I have deployed Expressway C-E (8.9) with CUCM 11.5. and I'm trying to register one 8841 from Internet using MRA feature and when I try to do the login process in the ip phone, appear:
"Error: Server certificate validation failed. Contact your administrator" and in the Status messages "Invalid server certificate: expe.domain.com"
Trying to find info about this problem I found
"For Mobile and Remote Access through Expressway, the Expressway server must be signed against one of these Certificate Authorities"
in this doc:
I suppose the error appear because our Internal CA is not trusted.
Any way to register a 8800/7800 Phone through MRA feature without a signed certs by this Authorities? Usually we manage Internal CAs.
Thank so much!
Solved! Go to Solution.
So I have public CA certs from DigiCert for my Exp-E, which looks to be on the approved CA list, but I'm still getting the "Server certificate validation failed". I have MRA working fine with all my Jabber clients. Trying to get an 8845 to register via MRA. Any idea's?
Have you compared the fingerprint of your cert against the one listed here?

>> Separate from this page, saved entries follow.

(* Let $m\ge 3$ be an integer. Then $m=[z\,y_k\,x_k\,\dots\,y_2\,x_2\,y_1\,x_1]_{\boldsymbol b}$ for some integer $k\ge0$ and integers $x_i,y_i,z$ satisfying: $0\le x_i<q^{2i-1}-1$ for all $1\le i\le k$; $0\le y_i<2p$ for all $1\le i\le k$; $\{y_i-2,y_i-1,y_i\}\subset A+A+A$ for all $1\le i\le k$; and $3\le z\le 6pq^{2k+1}$.
   Context: Fix a prime $p$ and a set $A\subset\{1,\dots,\lfloor p/2\rfloor-1\}$ such that $A\cap(A+A+\{0,1\})=\emptyset$ and $A+A+A$ contains $p+2$ consecutive integers. Let $q>100p$ be a prime power. Let $\boldsymbol b=(b_1,b_2,\dots)$ with $b_i=q^i-1$ for $i$ odd and $b_i=p$ for $i$ even, and for arbitrary integers $x_1,\dots,x_n$ write $[x_n\,\dots\,x_1]_{\boldsymbol b}:=x_1+x_2b_1+x_3b_1b_2+\dots+x_nb_1\cdots b_{n-1}$ (so the $(2i-1)$-th digit has weight $b_1\cdots b_{2i-2}$ and the $2i$-th digit has weight $b_1\cdots b_{2i-1}$). *)

theory Defs
  imports "HOL-Number_Theory.Number_Theory"
begin

definition sumset :: "int set \<Rightarrow> int set \<Rightarrow> int set" where
  "sumset X Y = {a + c | a c. a \<in> X \<and> c \<in> Y}"

definition bseq :: "nat \<Rightarrow> nat \<Rightarrow> nat \<Rightarrow> int" where
  "bseq p q i = (if odd i then int q ^ i - 1 else int p)"

text \<open>Mixed-radix value [x_n ... x_1]_b of the digit list [x_1, ..., x_n]
  (least significant digit first): the digit at list position j (0-based,
  i.e. the (j+1)-th digit) has weight b_1 * ... * b_j.\<close>
definition bval :: "(nat \<Rightarrow> int) \<Rightarrow> int list \<Rightarrow> int" where
  "bval b xs = (\<Sum>j<length xs. xs ! j * (\<Prod>t\<in>{1..j}. b t))"

end

theory Submission
  imports Defs
begin

text \<open>Write \<open>M = x\<^sub>1 + (q - 1) M'\<close> with \<open>0 \<le> x\<^sub>1 < q - 1\<close>, pick the digit
  \<open>y\<^sub>1 \<equiv> M' (mod p)\<close> among the \<open>y < 2p\<close> with \<open>y - 2, y - 1, y \<in> A + A + A\<close>, and continue
  with \<open>(M' - y\<^sub>1) / p\<close> in the shifted base \<open>b\<^sub>3, b\<^sub>4, \<dots>\<close>, stopping as soon as the remaining
  value is at most \<open>6 p q\<^sup>2\<^sup>k\<^sup>+\<^sup>1\<close>. Such digits exist for every residue because \<open>A + A + A\<close>
  contains \<open>p + 2\<close> consecutive integers, all lying in \<open>[3, 3p/2)\<close>.\<close>

lemma bval_Cons: "bval b (a # xs) = a + b 1 * bval (\<lambda>t. b (Suc t)) xs"
proof -
  have prod_shift: "(\<Prod>t\<in>{1..Suc j}. b t) = b 1 * (\<Prod>t\<in>{1..j}. b (Suc t))" for j
  proof -
    have "{1..Suc j} = insert 1 {Suc 1..Suc j}" by auto
    then have "(\<Prod>t\<in>{1..Suc j}. b t) = b 1 * (\<Prod>t\<in>{Suc 1..Suc j}. b t)" by simp
    then show ?thesis by (simp only: prod.shift_bounds_cl_Suc_ivl)
  qed
  have "bval b (a # xs) = a + (\<Sum>j<length xs. xs ! j * (\<Prod>t\<in>{1..Suc j}. b t))"
    unfolding bval_def length_Cons by (subst sum.lessThan_Suc_shift) simp
  also have "\<dots> = a + (\<Sum>j<length xs. xs ! j * (b 1 * (\<Prod>t\<in>{1..j}. b (Suc t))))"
    by (simp only: prod_shift)
  also have "\<dots> = a + b 1 * bval (\<lambda>t. b (Suc t)) xs"
    by (simp add: bval_def sum_distrib_left mult_ac)
  finally show ?thesis .
qed

lemma bval_singleton [simp]: "bval b [z] = z"
  by (simp add: bval_def)

lemma ball_atLeastAtMost_Suc_split:
  "(\<forall>i\<in>{1..Suc k}. P i) \<longleftrightarrow> P 1 \<and> (\<forall>i\<in>{1..k}. P (Suc i))"
proof -
  have "{1..Suc k} = insert 1 (Suc ` {1..k})"
    by (auto simp: image_iff)
  then show ?thesis by (simp only: ball_simps)
qed

text \<open>\<open>has_expansion p q S j M\<close>: \<open>M\<close> has an expansion of the required shape in the base
  \<open>b\<^sub>2\<^sub>j\<^sub>+\<^sub>1, b\<^sub>2\<^sub>j\<^sub>+\<^sub>2, \<dots>\<close>, i.e. after \<open>j\<close> digit pairs have already been split off.\<close>
definition has_expansion :: "nat \<Rightarrow> nat \<Rightarrow> int set \<Rightarrow> nat \<Rightarrow> int \<Rightarrow> bool" where
  "has_expansion p q S j M \<longleftrightarrow> (\<exists>(k::nat) (x::nat \<Rightarrow> int) (y::nat \<Rightarrow> int) (z::int).
     M = bval (\<lambda>t. bseq p q (t + 2*j)) (concat (map (\<lambda>i. [x i, y i]) [1..<k+1]) @ [z])
     \<and> (\<forall>i\<in>{1..k}. 0 \<le> x i \<and> x i < int q ^ (2*(i+j) - 1) - 1)
     \<and> (\<forall>i\<in>{1..k}. 0 \<le> y i \<and> y i < 2 * int p)
     \<and> (\<forall>i\<in>{1..k}. {y i - 2, y i - 1, y i} \<subseteq> S)
     \<and> 3 \<le> z \<and> z \<le> 6 * int p * int q ^ (2*(k+j) + 1))"

lemma has_expansion_leading_digit:
  assumes "3 \<le> M" and "M \<le> 6 * int p * int q ^ (2*j + 1)"
  shows "has_expansion p q S j M"
  unfolding has_expansion_def
  by (intro exI[of _ 0] exI[of _ "\<lambda>_. 0"] exI[of _ M]) (use assms in simp)

lemma has_expansion_Cons:
  assumes N: "has_expansion p q S (Suc j) N"
    and x0: "0 \<le> x0" "x0 < int q ^ (2*j + 1) - 1"
    and y0: "0 \<le> y0" "y0 < 2 * int p" "{y0 - 2, y0 - 1, y0} \<subseteq> S"
  shows "has_expansion p q S j (x0 + (int q ^ (2*j + 1) - 1) * (y0 + int p * N))"
proof -
  obtain k x y z where
    N_val: "N = bval (\<lambda>t. bseq p q (t + 2*Suc j)) (concat (map (\<lambda>i. [x i, y i]) [1..<k+1]) @ [z])"
    and x: "\<forall>i\<in>{1..k}. 0 \<le> x i \<and> x i < int q ^ (2*(i + Suc j) - 1) - 1"
    and y: "\<forall>i\<in>{1..k}. 0 \<le> y i \<and> y i < 2 * int p"
    and yS: "\<forall>i\<in>{1..k}. {y i - 2, y i - 1, y i} \<subseteq> S"
    and z: "3 \<le> z" "z \<le> 6 * int p * int q ^ (2*(k + Suc j) + 1)"
    using N unfolding has_expansion_def by blast
  define x' where "x' i = (if i = 1 then x0 else x (i - 1))" for i
  define y' where "y' i = (if i = 1 then y0 else y (i - 1))" for i
  have digits: "concat (map (\<lambda>i. [x' i, y' i]) [1..<Suc k + 1])
      = x0 # y0 # concat (map (\<lambda>i. [x i, y i]) [1..<k+1])"
    by (simp add: upt_conv_Cons map_Suc_upt[symmetric] o_def x'_def y'_def del: upt_Suc)
  have base_shift: "(\<lambda>t. bseq p q (Suc (Suc t) + 2*j)) = (\<lambda>t. bseq p q (t + 2*Suc j))"
    by (simp add: algebra_simps)
  have "bval (\<lambda>t. bseq p q (t + 2*j)) (concat (map (\<lambda>i. [x' i, y' i]) [1..<Suc k + 1]) @ [z])
      = x0 + bseq p q (1 + 2*j) * (y0 + bseq p q (Suc 1 + 2*j) * N)"
    unfolding digits append_Cons bval_Cons base_shift N_val by simp
  also have "\<dots> = x0 + (int q ^ (2*j + 1) - 1) * (y0 + int p * N)"
    by (simp add: bseq_def)
  finally have "bval (\<lambda>t. bseq p q (t + 2*j)) (concat (map (\<lambda>i. [x' i, y' i]) [1..<Suc k + 1]) @ [z])
      = x0 + (int q ^ (2*j + 1) - 1) * (y0 + int p * N)" .
  moreover have "\<forall>i\<in>{1..Suc k}. 0 \<le> x' i \<and> x' i < int q ^ (2*(i+j) - 1) - 1"
    using x x0 unfolding ball_atLeastAtMost_Suc_split by (simp add: x'_def)
  moreover have "\<forall>i\<in>{1..Suc k}. 0 \<le> y' i \<and> y' i < 2 * int p"
    using y y0 unfolding ball_atLeastAtMost_Suc_split by (simp add: y'_def)
  moreover have "\<forall>i\<in>{1..Suc k}. {y' i - 2, y' i - 1, y' i} \<subseteq> S"
    using yS y0 unfolding ball_atLeastAtMost_Suc_split by (simp add: y'_def)
  ultimately show ?thesis
    unfolding has_expansion_def using z by (intro exI[of _ "Suc k"] exI[of _ x'] exI[of _ y'] exI[of _ z]) simp
qed

lemma quotient_digit_bounds:
  fixes D p M y :: int
  assumes D: "1 \<le> D" and p: "2 \<le> p" and M: "6 * p * (D + 1) < M"
    and y: "0 \<le> y" "y < 2 * p" and dvd: "p dvd (M div D - y)"
  shows "4 < (M div D - y) div p" and "(M div D - y) div p < M"
proof -
  define N where "N = (M div D - y) div p"
  have M_eq: "M = D * (M div D) + M mod D" by simp
  have "M mod D < D" using D by simp
  moreover have "D * (6 * p - 1) = 6 * p * D - D" "6 * p * (D + 1) = 6 * p * D + 6 * p"
    by (simp_all add: algebra_simps)
  ultimately have "D * (6 * p - 1) < D * (M div D)"
    using M M_eq p by linarith
  then have quot: "6 * p \<le> M div D" using D by (simp add: mult_less_cancel_left)
  have N_eq: "M div D = y + p * N" unfolding N_def using dvd by simp
  have "p * 4 < p * N" using N_eq quot y by linarith
  then show N4: "4 < (M div D - y) div p" unfolding N_def using p by (simp add: mult_less_cancel_left)
  have "2 * N \<le> p * N" using p N4 unfolding N_def by (intro mult_right_mono) auto
  moreover have "M div D \<le> D * (M div D)"
    using mult_right_mono[of 1 D "M div D"] D quot p by simp
  then have "M div D \<le> M"
    using M_eq pos_mod_sign[of D M] D by linarith
  ultimately show "(M div D - y) div p < M" using N_eq N4 y unfolding N_def by linarith
qed

lemma has_expansion_of_ge_3:
  assumes digits: "\<And>r. \<exists>y. 0 \<le> y \<and> y < 2 * int p \<and> {y - 2, y - 1, y} \<subseteq> S \<and> [y = r] (mod int p)"
    and p: "2 \<le> p" and q: "2 \<le> q" and M: "3 \<le> M"
  shows "has_expansion p q S j M"
  using M
proof (induction "nat M" arbitrary: M j rule: less_induct)
  case (less M j)
  show ?case
  proof (cases "M \<le> 6 * int p * int q ^ (2*j + 1)")
    case True
    then show ?thesis using less.prems by (rule has_expansion_leading_digit[rotated])
  next
    case False
    define D where "D = int q ^ (2*j + 1) - 1"
    have "int q \<le> int q ^ (2*j + 1)" using q by (simp add: self_le_power)
    then have D1: "1 \<le> D" unfolding D_def using q by linarith
    obtain y0 where y0: "0 \<le> y0" "y0 < 2 * int p" "{y0 - 2, y0 - 1, y0} \<subseteq> S"
      and y0_cong: "[y0 = M div D] (mod int p)"
      using digits by blast
    define N where "N = (M div D - y0) div int p"
    have dvd: "int p dvd (M div D - y0)"
      using y0_cong by (simp add: cong_iff_dvd_diff dvd_diff_commute)
    have big: "6 * int p * (D + 1) < M" using False unfolding D_def by simp
    have N: "4 < N" "N < M"
      unfolding N_def using quotient_digit_bounds[OF D1 _ big y0(1,2) dvd] p by simp_all
    have "has_expansion p q S (Suc j) N"
      using N by (intro less.hyps) auto
    then have "has_expansion p q S j (M mod D + D * (y0 + int p * N))"
      using D1 y0 unfolding D_def by (intro has_expansion_Cons) simp_all
    moreover have "M = M mod D + D * (y0 + int p * N)"
      unfolding N_def using dvd by simp
    ultimately show ?thesis by simp
  qed
qed

lemma consecutive_triple_in_residue_class:
  fixes S :: "int set" and c r :: int and p :: nat
  assumes p: "0 < p" and window: "{c .. c + int p + 1} \<subseteq> S"
  obtains y where "c + 2 \<le> y" "y \<le> c + int p + 1" "{y - 2, y - 1, y} \<subseteq> S" "[y = r] (mod int p)"
proof
  let ?y = "c + 2 + (r - c - 2) mod int p"
  have "0 \<le> (r - c - 2) mod int p" "(r - c - 2) mod int p < int p" using p by simp_all
  then show "c + 2 \<le> ?y" "?y \<le> c + int p + 1" "{?y - 2, ?y - 1, ?y} \<subseteq> S"
    using window by auto
  show "[?y = r] (mod int p)" by (simp add: cong_def mod_simps)
qed

lemma sumset3_bounds:
  fixes A :: "int set"
  assumes "A \<subseteq> {1..n}" and "s \<in> sumset (sumset A A) A"
  shows "3 \<le> s \<and> s \<le> 3 * n"
proof -
  obtain a1 a2 a3 where "s = a1 + a2 + a3" "a1 \<in> A" "a2 \<in> A" "a3 \<in> A"
    using assms(2) unfolding sumset_def by blast
  moreover from this(2-4) have "a1 \<in> {1..n}" "a2 \<in> {1..n}" "a3 \<in> {1..n}"
    using assms(1) by auto
  ultimately show ?thesis by simp
qed

theorem lemma5p1:
  fixes p q :: nat and A :: "int set" and m :: int
  assumes hp: "prime p"
    and hA: "A \<subseteq> {1 .. int p div 2 - 1}"
    and hAfree: "A \<inter> sumset (sumset A A) {0, 1} = {}"
    and hAAA: "\<exists>c. {c .. c + int p + 1} \<subseteq> sumset (sumset A A) A"
    and hq: "primepow q"
    and hq100: "q > 100 * p"
    and hm: "m \<ge> 3"
  shows "\<exists>(k::nat) (x::nat \<Rightarrow> int) (y::nat \<Rightarrow> int) (z::int).
           m = bval (bseq p q) (concat (map (\<lambda>i. [x i, y i]) [1..<k+1]) @ [z])
         \<and> (\<forall>i\<in>{1..k}. 0 \<le> x i \<and> x i < int q ^ (2*i - 1) - 1)
         \<and> (\<forall>i\<in>{1..k}. 0 \<le> y i \<and> y i < 2 * int p)
         \<and> (\<forall>i\<in>{1..k}. {y i - 2, y i - 1, y i} \<subseteq> sumset (sumset A A) A)
         \<and> 3 \<le> z \<and> z \<le> 6 * int p * int q ^ (2*k + 1)"
proof -
  let ?S = "sumset (sumset A A) A"
  have p: "2 \<le> p" using hp prime_ge_2_nat by blast
  have q: "2 \<le> q" using hq100 p by simp
  obtain c where window: "{c .. c + int p + 1} \<subseteq> ?S" using hAAA by blast
  then have "c \<in> ?S" "c + int p + 1 \<in> ?S" by auto
  then have c: "3 \<le> c" "c + int p + 1 \<le> 3 * (int p div 2 - 1)"
    using sumset3_bounds[OF hA] by blast+
  have "\<exists>y. 0 \<le> y \<and> y < 2 * int p \<and> {y - 2, y - 1, y} \<subseteq> ?S \<and> [y = r] (mod int p)" for r
  proof -
    obtain y where y: "c + 2 \<le> y" "y \<le> c + int p + 1" "{y - 2, y - 1, y} \<subseteq> ?S" "[y = r] (mod int p)"
      using consecutive_triple_in_residue_class[OF _ window] p by auto
    have "2 * (int p div 2) \<le> int p" by simp
    then have "0 \<le> y" "y < 2 * int p"
      using y(1,2) c by (simp_all add: right_diff_distrib)
    with y(3,4) show ?thesis by blast
  qed
  then have "has_expansion p q ?S 0 m" using p q hm by (rule has_expansion_of_ge_3)
  then show ?thesis unfolding has_expansion_def by simp
qed

end
lemma set_integrable_bounded_mult:
  fixes f g :: "'a \<Rightarrow> real"
  assumes f: "set_integrable M A f" and g: "set_borel_measurable M A g" "A \<in> sets M"
    and bound: "\<And>x. x \<in> A \<Longrightarrow> \<bar>g x\<bar> \<le> B"
  shows "set_integrable M A (\<lambda>x. g x * f x)"
proof (rule set_integrable_bound)
  show "set_integrable M A (\<lambda>x. B * f x)" using f by simp
  show "set_borel_measurable M A (\<lambda>x. g x * f x)"
    using f g by (intro set_borel_measurable_mult) (auto simp: set_borel_measurable_def set_integrable_def)
  show "AE x in M. x \<in> A \<longrightarrow> norm (g x * f x) \<le> norm (B * f x)"
  proof (intro AE_I2 impI)
    fix x assume "x \<in> A"
    then have "\<bar>g x\<bar> \<le> \<bar>B\<bar>" using bound by force
    then show "norm (g x * f x) \<le> norm (B * f x)" by (simp add: abs_mult mult_right_mono)
  qed
qed

lemma L2_01_imp_set_integrable:
  assumes "L2_01 f"
  shows "set_integrable lebesgue {0..<1} f"
proof -
  interpret finite_measure "lebesgue_on {0..<1::real}"
    by (rule finite_measure_lebesgue_on) (simp add: fmeasurable_def)
  have "f \<in> borel_measurable (lebesgue_on {0..<1})" "integrable (lebesgue_on {0..<1}) (\<lambda>u. (f u)\<^sup>2)"
    using assms by (simp_all add: L2_01_def set_borel_measurable_restrict_space_iff set_integrable_eq)
  then show ?thesis
    by (simp add: set_integrable_eq square_integrable_imp_integrable)
qed

lemma L2_01_bounded:
  assumes "set_borel_measurable lebesgue {0..<1} f" "\<And>u. u \<in> {0..<1} \<Longrightarrow> \<bar>f u\<bar> \<le> B"
  shows "L2_01 f"
  unfolding L2_01_def power2_eq_square
proof
  show "set_integrable lebesgue {0..<1} (\<lambda>u. f u * f u)"
    using assms by (intro set_integrable_bounded_mult set_integrable_bounded) auto
qed fact

lemma set_integral_step:
  fixes s a b :: real
  assumes "0 \<le> s" "s \<le> 1"
  shows "(LINT u:{0..<1}|lebesgue. if u < s then a else b) = s * a + (1 - s) * b"
proof -
  have "(\<lambda>u. indicator {0..<1} u *\<^sub>R (if u < s then a else b)) =
      (\<lambda>u. a * indicator {0..<s} u + b * indicator {s..<1::real} u)"
    using assms by (auto simp: indicator_def fun_eq_iff)
  then show ?thesis
    using assms by (simp add: set_lebesgue_integral_def)
qed
(* Let $\alpha,\beta,\sigma>0$ and let $X\sim\mathcal{N}(\alpha,\sigma^2)$. Then $$\mathbb{E}\left[\tanh'\left(\frac{\beta X}{\sigma^2}\right) X\right]\ge 0,$$ where $\tanh'$ denotes the derivative of the hyperbolic tangent. *)

theory Defs
  imports "HOL-Probability.Probability"
begin

end

theory Submission
  imports Defs
begin

text \<open>
  The density \<open>p\<close> of \<open>X\<close> satisfies \<open>p x \<ge> p (-x)\<close> for \<open>x \<ge> 0\<close>, because
  a positive mean puts \<open>x\<close> closer to the mean than \<open>-x\<close>. The weight \<open>tanh'(\<beta> x / \<sigma>\<^sup>2)\<close> is even and
  nonnegative, so pairing \<open>x\<close> with \<open>-x\<close> in the integral of \<open>p x \<cdot> tanh'(\<beta> x / \<sigma>\<^sup>2) \<cdot> x\<close> gives the
  integrand \<open>tanh'(\<beta> x / \<sigma>\<^sup>2) \<cdot> x \<cdot> (p x - p (-x)) \<ge> 0\<close>.
\<close>

lemma deriv_tanh_real: "deriv tanh (x::real) = 1 - tanh x ^ 2"
proof -
  have "cosh x \<noteq> 0" using cosh_real_pos[of x] by simp
  then have "(tanh has_field_derivative 1 - tanh x ^ 2) (at x)"
    by (auto intro!: derivative_eq_intros)
  then show ?thesis by (rule DERIV_imp_deriv)
qed

lemma deriv_tanh_real_nonneg: "0 \<le> deriv tanh (x::real)"
proof -
  have "\<bar>tanh x\<bar> \<le> 1" using tanh_real_bounds[of x] by auto
  then show ?thesis by (simp add: deriv_tanh_real abs_square_le_1)
qed

lemma deriv_tanh_real_minus: "deriv tanh (- x) = deriv tanh (x::real)"
  by (simp add: deriv_tanh_real)

lemma continuous_on_deriv_tanh_real: "continuous_on UNIV (deriv tanh :: real \<Rightarrow> real)"
proof -
  have "\<And>x::real. cosh x \<noteq> 0" using cosh_real_pos by (metis less_irrefl)
  then have "continuous_on UNIV (\<lambda>x::real. 1 - tanh x ^ 2)"
    by (intro continuous_intros) auto
  then show ?thesis by (simp add: deriv_tanh_real[abs_def])
qed

lemma lborel_integral_nonneg_if_symmetrization_nonneg:
  fixes f :: "real \<Rightarrow> real"
  assumes "\<And>x. 0 \<le> f x + f (- x)"
  shows "0 \<le> integral\<^sup>L lborel f"
proof (cases "integrable lborel f")
  case True
  have reflected: "integrable lborel (\<lambda>x. f (- x))"
    using lborel_integrable_real_affine[OF True, of "-1" 0] by simp
  have "integral\<^sup>L lborel (\<lambda>x. f (- x)) = integral\<^sup>L lborel f"
    using lborel_integral_real_affine[of "-1" f 0] by simp
  then have "2 * integral\<^sup>L lborel f = integral\<^sup>L lborel (\<lambda>x. f x + f (- x))"
    using Bochner_Integration.integral_add[OF True reflected] by simp
  also have "\<dots> \<ge> 0"
    using assms by (intro integral_nonneg_AE) auto
  finally show ?thesis by simp
next
  case False
  then show ?thesis by (simp add: not_integrable_integral_eq)
qed

lemma normal_density_minus_le:
  assumes "0 \<le> \<mu>" and "0 \<le> x"
  shows "normal_density \<mu> \<sigma> (- x) \<le> normal_density \<mu> \<sigma> x"
proof -
  have "(x - \<mu>)\<^sup>2 \<le> (- x - \<mu>)\<^sup>2"
    using assms by (simp add: power2_eq_square algebra_simps)
  then have "- (- x - \<mu>)\<^sup>2 / (2 * \<sigma>\<^sup>2) \<le> - (x - \<mu>)\<^sup>2 / (2 * \<sigma>\<^sup>2)"
    by (simp add: divide_right_mono)
  then show ?thesis
    unfolding normal_density_def by (intro mult_left_mono) auto
qed

lemma normal_density_odd_part_sign:
  assumes "0 \<le> \<mu>"
  shows "0 \<le> x * (normal_density \<mu> \<sigma> x - normal_density \<mu> \<sigma> (- x))"
proof (cases "0 \<le> x")
  case True
  then show ?thesis using normal_density_minus_le[OF assms True] by simp
next
  case False
  then have "normal_density \<mu> \<sigma> x \<le> normal_density \<mu> \<sigma> (- x)"
    using normal_density_minus_le[OF assms, of "- x"] by simp
  then show ?thesis using False by (simp add: mult_nonpos_nonpos)
qed

lemma integral_normal_density_even_weight_nonneg:
  fixes w :: "real \<Rightarrow> real"
  assumes "0 \<le> \<mu>" and even: "\<And>x. w (- x) = w x" and nonneg: "\<And>x. 0 \<le> w x"
  shows "0 \<le> (\<integral>x. normal_density \<mu> \<sigma> x * (w x * x) \<partial>lborel)"
proof (rule lborel_integral_nonneg_if_symmetrization_nonneg)
  fix x :: real
  have "normal_density \<mu> \<sigma> x * (w x * x) + normal_density \<mu> \<sigma> (- x) * (w (- x) * - x)
      = w x * (x * (normal_density \<mu> \<sigma> x - normal_density \<mu> \<sigma> (- x)))"
    by (simp add: even algebra_simps)
  also have "\<dots> \<ge> 0"
    using nonneg normal_density_odd_part_sign[OF assms(1)] by simp
  finally show "0 \<le> normal_density \<mu> \<sigma> x * (w x * x) + normal_density \<mu> \<sigma> (- x) * (w (- x) * - x)" .
qed

theorem lemma1:
  fixes M :: "'a measure" and X :: "'a \<Rightarrow> real"
    and \<alpha> \<beta> \<sigma> :: real
  assumes "prob_space M"
    and "\<alpha> > 0" and "\<beta> > 0" and "\<sigma> > 0"
    and "distributed M lborel X (normal_density \<alpha> \<sigma>)"
  shows "prob_space.expectation M (\<lambda>\<omega>. deriv tanh (\<beta> * X \<omega> / \<sigma>\<^sup>2) * X \<omega>) \<ge> 0"
proof -
  define w where "w y = deriv tanh (\<beta> * y / \<sigma>\<^sup>2)" for y
  have "continuous_on UNIV (\<lambda>y. w y * y)"
    unfolding w_def using assms(4)
    by (intro continuous_intros continuous_on_compose2[OF continuous_on_deriv_tanh_real]) auto
  then have "(\<lambda>y. w y * y) \<in> borel_measurable lborel"
    using borel_measurable_continuous_onI by simp
  then have "prob_space.expectation M (\<lambda>\<omega>. w (X \<omega>) * X \<omega>)
      = (\<integral>y. normal_density \<alpha> \<sigma> y * (w y * y) \<partial>lborel)"
    using distributed_integral[OF assms(5)] normal_density_nonneg by simp
  also have "\<dots> \<ge> 0"
    using assms(2) by (intro integral_normal_density_even_weight_nonneg)
      (simp_all add: w_def deriv_tanh_real_nonneg deriv_tanh_real_minus)
  finally show ?thesis by (simp add: w_def)
qed

end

We have the same issue, and the certificate sha1 signature matches, however the phones do not have the sha 256 signature in their trusted list. Anyone have thoughts on how to resolve this issue?
Update on my issue: fixed
TAC was able to pinpoint that it was a device that sits between the VCS-E and the Internet, interjecting our wildcard certificate instead of the correct VCS-E. In a browser he connected to the external VCS-E A record ex. "https://expresswaye.yourdomain.com:8443" and saw the incorrect Cert being presented, as well as Packet Captures confirming this.
Once we removed it worked fine. Not sure why Jabber worked and not the 8845 phone, not for me to figure out!
"You cannot modify the root CA trust list on IP Phone 7800/8800 devices. Make sure that the Expressway-E's server certificate is signed by one of the CAs that the devices trust, and that the CA is trusted by the Expressway-C and the Expressway-E. "
Does anyone know if this list of Trusted CAs (dated 2015, Firmware 11.0) has been updated and where it can be found? With the Availability of X12.5 and ACME/Let's Encrypt for MRA this is desperately needed.
were you able to answer this question or do you even tried it?
Because I have the same question now and cannot find some helpful or updated info.
Sorry @MSchwarzmann, neither was I able to get an an answer to my question nor did I test MRA with LetsEncrypt with these phones.
I'm still interested if you have new findings, though.
Jamie is correct, the cert on the Expressway-E needs to be publicly signed, your Expressway-C and CUCM, IMP, CUC can run internally signed certs.